**TASK REQUIREMENTS:** Copy each line below that contains "thesis".

Segment Start: DATA SECTION

lemma prod_abs_diff_convex_combination_ge:
  fixes y :: "'i \<Rightarrow> real"
  assumes "0 \<le> \<theta>" "\<theta> \<le> 1" and outside: "\<And>i. i \<in> C \<Longrightarrow> y i < a \<or> b < y i" and "a \<le> b"
  shows "(\<Prod>i\<in>C. \<bar>a - y i\<bar>) powr (1 - \<theta>) * (\<Prod>i\<in>C. \<bar>b - y i\<bar>) powr \<theta>
    \<le> (\<Prod>i\<in>C. \<bar>(1 - \<theta>) * a + \<theta> * b - y i\<bar>)"
proof -
  have "\<bar>a - y i\<bar> powr (1 - \<theta>) * \<bar>b - y i\<bar> powr \<theta> \<le> \<bar>(1 - \<theta>) * a + \<theta> * b - y i\<bar>"
    if i: "i \<in> C" for i
  proof -
    have "\<bar>a - y i\<bar> powr (1 - \<theta>) * \<bar>b - y i\<bar> powr \<theta> \<le> (1 - \<theta>) * \<bar>a - y i\<bar> + \<theta> * \<bar>b - y i\<bar>"
      using assms outside[OF i] by (intro Youngs_inequality_0) auto
    also have "\<dots> = \<bar>(1 - \<theta>) * a + \<theta> * b - y i\<bar>"
    proof -
      have "\<theta> * a \<le> \<theta> * b" "\<theta> * b - \<theta> * a \<le> b - a"
        using assms mult_left_le_one_le[of "b - a" \<theta>] by (auto simp: mult_left_mono algebra_simps)
      then show ?thesis
        using outside[OF i] by (auto simp: abs_if algebra_simps)
    qed
    finally show ?thesis .
  qed
  then show ?thesis
    by (simp add: prod_powr_distrib prod.distrib[symmetric] prod_mono)
qed

lemma prod_abs_diff_outside_progression_ge:
  fixes C :: "int set" and x0 :: int and g m p :: nat
  assumes "0 < m" "p \<le> m" and outside: "\<And>y. y \<in> C \<Longrightarrow> y < x0 \<or> x0 + int g * int m < y"
  shows "(\<Prod>y\<in>C. real_of_int \<bar>x0 - y\<bar>) powr (real (m - p) / m)
      * (\<Prod>y\<in>C. real_of_int \<bar>x0 + int g * int m - y\<bar>) powr (real p / m)
    \<le> (\<Prod>y\<in>C. real_of_int \<bar>x0 + int g * int p - y\<bar>)"
proof -
  define \<theta> where "\<theta> = real p / real m"
  have \<theta>: "0 \<le> \<theta>" "\<theta> \<le> 1" "1 - \<theta> = real (m - p) / m"
    using assms(1,2) by (auto simp: \<theta>_def of_nat_diff field_simps)
  have "(\<Prod>y\<in>C. \<bar>real_of_int x0 - real_of_int y\<bar>) powr (1 - \<theta>) *
      (\<Prod>y\<in>C. \<bar>real_of_int (x0 + int g * int m) - real_of_int y\<bar>) powr \<theta>
      \<le> (\<Prod>y\<in>C. \<bar>(1 - \<theta>) * real_of_int x0 + \<theta> * real_of_int (x0 + int g * int m) - real_of_int y\<bar>)"
  proof (rule prod_abs_diff_convex_combination_ge)
    fix y assume "y \<in> C"
    then show "real_of_int y < real_of_int x0 \<or> real_of_int (x0 + int g * int m) < real_of_int y"
      using outside by (simp only: of_int_less_iff)
  qed (use \<theta> in auto)
  moreover have "(1 - \<theta>) * real_of_int x0 + \<theta> * real_of_int (x0 + int g * int m) = real_of_int (x0 + int g * int p)"
    using assms(1) by (simp add: \<theta>_def field_simps)
  ultimately show ?thesis
    unfolding \<theta>(3) by (simp add: \<theta>_def)
qed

Segment End: DATA SECTION

**TASK OUTPUT:**
      then show ?thesis
    finally show ?thesis .
  then show ?thesis
  ultimately show ?thesis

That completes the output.